◆ **Work instruction**:
Each line from the one holding "text \<open>Darts at" through the final line of the data below is to be given again exactly, and no other line is to appear.

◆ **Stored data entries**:
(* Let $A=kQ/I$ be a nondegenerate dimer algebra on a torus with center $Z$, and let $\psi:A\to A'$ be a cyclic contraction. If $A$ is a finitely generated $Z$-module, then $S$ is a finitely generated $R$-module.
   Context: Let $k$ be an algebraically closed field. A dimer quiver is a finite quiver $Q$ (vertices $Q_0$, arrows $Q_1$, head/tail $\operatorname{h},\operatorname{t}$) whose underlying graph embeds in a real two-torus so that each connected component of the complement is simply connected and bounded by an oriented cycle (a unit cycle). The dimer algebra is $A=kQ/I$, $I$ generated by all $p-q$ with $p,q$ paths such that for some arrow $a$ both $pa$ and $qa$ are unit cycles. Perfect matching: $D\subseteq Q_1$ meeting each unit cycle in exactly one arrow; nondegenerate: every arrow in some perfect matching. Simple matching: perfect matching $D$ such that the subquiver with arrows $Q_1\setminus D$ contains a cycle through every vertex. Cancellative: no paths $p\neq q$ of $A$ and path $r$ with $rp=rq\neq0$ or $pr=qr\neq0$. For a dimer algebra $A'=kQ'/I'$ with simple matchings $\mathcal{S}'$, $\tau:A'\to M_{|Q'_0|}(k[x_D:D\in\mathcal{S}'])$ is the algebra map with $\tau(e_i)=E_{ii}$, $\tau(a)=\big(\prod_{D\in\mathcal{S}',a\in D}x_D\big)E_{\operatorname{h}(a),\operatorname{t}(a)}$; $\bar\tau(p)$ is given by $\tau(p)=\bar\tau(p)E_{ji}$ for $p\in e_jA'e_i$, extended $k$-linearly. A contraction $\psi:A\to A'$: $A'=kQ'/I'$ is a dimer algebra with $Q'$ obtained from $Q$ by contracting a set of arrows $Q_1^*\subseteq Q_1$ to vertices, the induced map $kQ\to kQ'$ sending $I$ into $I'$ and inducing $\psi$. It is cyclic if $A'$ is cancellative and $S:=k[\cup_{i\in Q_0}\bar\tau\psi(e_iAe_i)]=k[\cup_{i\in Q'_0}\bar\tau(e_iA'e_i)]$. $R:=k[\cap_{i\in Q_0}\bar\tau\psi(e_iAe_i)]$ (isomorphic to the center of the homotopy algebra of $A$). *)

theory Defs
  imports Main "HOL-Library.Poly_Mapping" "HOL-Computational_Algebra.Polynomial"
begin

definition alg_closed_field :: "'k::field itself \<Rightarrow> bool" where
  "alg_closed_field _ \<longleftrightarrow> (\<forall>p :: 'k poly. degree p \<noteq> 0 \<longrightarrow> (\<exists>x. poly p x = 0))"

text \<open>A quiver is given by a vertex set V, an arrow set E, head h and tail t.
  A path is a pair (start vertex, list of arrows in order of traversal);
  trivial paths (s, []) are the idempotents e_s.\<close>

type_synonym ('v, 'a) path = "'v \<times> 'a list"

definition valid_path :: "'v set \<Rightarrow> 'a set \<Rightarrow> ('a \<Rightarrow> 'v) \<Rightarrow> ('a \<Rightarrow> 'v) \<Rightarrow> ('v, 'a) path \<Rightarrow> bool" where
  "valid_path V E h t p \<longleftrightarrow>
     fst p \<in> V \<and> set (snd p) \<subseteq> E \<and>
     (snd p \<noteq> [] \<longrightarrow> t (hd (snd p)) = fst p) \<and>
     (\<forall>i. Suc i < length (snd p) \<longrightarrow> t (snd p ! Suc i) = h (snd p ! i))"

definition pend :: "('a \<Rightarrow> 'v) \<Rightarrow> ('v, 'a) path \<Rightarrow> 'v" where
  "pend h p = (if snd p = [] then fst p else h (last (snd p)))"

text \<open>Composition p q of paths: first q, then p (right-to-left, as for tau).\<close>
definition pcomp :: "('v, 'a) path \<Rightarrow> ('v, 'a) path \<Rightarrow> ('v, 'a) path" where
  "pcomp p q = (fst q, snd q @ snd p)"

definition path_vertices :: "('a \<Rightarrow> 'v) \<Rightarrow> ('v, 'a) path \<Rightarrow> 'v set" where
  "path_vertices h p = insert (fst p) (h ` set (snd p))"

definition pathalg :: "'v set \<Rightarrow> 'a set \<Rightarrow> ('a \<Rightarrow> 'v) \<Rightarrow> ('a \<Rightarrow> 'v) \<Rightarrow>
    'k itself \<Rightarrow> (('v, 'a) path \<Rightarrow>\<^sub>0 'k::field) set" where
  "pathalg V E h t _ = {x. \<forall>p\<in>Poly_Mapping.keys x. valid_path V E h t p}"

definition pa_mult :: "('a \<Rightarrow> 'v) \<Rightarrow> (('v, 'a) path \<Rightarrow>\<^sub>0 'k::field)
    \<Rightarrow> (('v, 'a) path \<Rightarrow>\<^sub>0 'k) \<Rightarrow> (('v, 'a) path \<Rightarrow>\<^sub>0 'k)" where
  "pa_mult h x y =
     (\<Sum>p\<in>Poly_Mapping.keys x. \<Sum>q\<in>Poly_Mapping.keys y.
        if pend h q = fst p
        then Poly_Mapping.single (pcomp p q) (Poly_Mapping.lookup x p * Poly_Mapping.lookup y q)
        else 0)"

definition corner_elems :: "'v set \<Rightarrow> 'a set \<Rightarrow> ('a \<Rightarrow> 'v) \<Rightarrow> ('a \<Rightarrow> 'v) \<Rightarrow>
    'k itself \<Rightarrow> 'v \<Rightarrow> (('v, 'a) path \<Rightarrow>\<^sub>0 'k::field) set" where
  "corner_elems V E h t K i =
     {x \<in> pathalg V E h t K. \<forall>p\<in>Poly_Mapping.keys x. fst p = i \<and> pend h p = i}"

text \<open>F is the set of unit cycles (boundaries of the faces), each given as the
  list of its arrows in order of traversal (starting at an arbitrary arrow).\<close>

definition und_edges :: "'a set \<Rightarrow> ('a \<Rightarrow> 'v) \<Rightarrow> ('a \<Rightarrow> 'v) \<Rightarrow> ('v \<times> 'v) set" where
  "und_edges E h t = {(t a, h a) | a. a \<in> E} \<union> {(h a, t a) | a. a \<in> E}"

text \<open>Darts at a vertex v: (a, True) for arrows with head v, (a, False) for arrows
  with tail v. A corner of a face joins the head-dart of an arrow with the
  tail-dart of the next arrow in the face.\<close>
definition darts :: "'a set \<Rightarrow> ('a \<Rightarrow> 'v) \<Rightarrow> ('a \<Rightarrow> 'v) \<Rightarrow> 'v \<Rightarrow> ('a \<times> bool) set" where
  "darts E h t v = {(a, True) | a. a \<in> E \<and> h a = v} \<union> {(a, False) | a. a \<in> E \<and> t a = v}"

◆ **Output of the task**:
text \<open>Darts at a vertex v: (a, True) for arrows with head v, (a, False) for arrows
  with tail v. A corner of a face joins the head-dart of an arrow with the
  tail-dart of the next arrow in the face.\<close>
definition darts :: "'a set \<Rightarrow> ('a \<Rightarrow> 'v) \<Rightarrow> ('a \<Rightarrow> 'v) \<Rightarrow> 'v \<Rightarrow> ('a \<times> bool) set" where
  "darts E h t v = {(a, True) | a. a \<in> E \<and> h a = v} \<union> {(a, False) | a. a \<in> E \<and> t a = v}"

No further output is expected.